Would you reproduce, without any alteration, the lines from the opening line of the entries through the line that has "add: \<zeta>_def sum_power2_gt_zero_iff)" in it?

[[ RECORDED INFORMATION open ]]

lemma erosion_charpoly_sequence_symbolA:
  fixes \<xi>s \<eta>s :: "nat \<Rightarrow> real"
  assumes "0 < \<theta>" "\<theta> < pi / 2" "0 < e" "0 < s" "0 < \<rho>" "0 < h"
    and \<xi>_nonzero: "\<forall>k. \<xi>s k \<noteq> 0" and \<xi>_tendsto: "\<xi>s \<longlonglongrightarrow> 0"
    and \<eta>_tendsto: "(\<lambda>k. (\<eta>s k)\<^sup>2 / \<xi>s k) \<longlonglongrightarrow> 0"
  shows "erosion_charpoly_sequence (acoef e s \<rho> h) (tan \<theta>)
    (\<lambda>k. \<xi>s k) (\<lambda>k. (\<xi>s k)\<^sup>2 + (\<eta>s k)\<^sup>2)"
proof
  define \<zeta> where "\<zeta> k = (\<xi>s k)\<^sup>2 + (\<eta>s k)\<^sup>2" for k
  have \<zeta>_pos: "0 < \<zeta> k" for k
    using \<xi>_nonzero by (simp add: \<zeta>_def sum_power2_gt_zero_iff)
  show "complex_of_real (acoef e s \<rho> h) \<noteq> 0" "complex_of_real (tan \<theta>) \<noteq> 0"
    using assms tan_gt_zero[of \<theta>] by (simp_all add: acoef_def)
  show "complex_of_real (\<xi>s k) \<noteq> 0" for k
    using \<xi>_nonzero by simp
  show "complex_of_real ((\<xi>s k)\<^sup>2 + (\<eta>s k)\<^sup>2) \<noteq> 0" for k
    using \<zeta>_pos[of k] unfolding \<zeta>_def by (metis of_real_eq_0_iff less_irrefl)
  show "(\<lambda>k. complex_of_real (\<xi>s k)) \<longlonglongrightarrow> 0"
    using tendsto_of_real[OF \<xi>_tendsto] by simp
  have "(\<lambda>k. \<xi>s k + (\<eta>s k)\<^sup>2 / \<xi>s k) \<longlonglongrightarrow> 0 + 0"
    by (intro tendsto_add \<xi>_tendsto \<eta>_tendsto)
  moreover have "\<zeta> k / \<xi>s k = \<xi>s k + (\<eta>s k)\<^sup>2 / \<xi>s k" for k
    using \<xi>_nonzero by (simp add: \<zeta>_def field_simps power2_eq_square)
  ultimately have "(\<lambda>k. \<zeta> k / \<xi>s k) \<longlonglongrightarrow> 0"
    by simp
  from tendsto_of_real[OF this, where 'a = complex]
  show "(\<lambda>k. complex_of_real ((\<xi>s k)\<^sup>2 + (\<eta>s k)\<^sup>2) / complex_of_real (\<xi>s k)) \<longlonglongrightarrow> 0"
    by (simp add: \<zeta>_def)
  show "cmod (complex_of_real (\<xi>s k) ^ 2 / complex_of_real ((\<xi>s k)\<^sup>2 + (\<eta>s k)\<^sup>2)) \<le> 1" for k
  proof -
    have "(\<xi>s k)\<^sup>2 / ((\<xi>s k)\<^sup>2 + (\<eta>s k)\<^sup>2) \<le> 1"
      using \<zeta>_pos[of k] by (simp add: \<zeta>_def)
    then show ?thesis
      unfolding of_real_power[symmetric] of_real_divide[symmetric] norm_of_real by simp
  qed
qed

[[ RECORDED INFORMATION closed ]]

TASK RESPONSE –
lemma erosion_charpoly_sequence_symbolA:
  fixes \<xi>s \<eta>s :: "nat \<Rightarrow> real"
  assumes "0 < \<theta>" "\<theta> < pi / 2" "0 < e" "0 < s" "0 < \<rho>" "0 < h"
    and \<xi>_nonzero: "\<forall>k. \<xi>s k \<noteq> 0" and \<xi>_tendsto: "\<xi>s \<longlonglongrightarrow> 0"
    and \<eta>_tendsto: "(\<lambda>k. (\<eta>s k)\<^sup>2 / \<xi>s k) \<longlonglongrightarrow> 0"
  shows "erosion_charpoly_sequence (acoef e s \<rho> h) (tan \<theta>)
    (\<lambda>k. \<xi>s k) (\<lambda>k. (\<xi>s k)\<^sup>2 + (\<eta>s k)\<^sup>2)"
proof
  define \<zeta> where "\<zeta> k = (\<xi>s k)\<^sup>2 + (\<eta>s k)\<^sup>2" for k
  have \<zeta>_pos: "0 < \<zeta> k" for k
    using \<xi>_nonzero by (simp add: \<zeta>_def sum_power2_gt_zero_iff)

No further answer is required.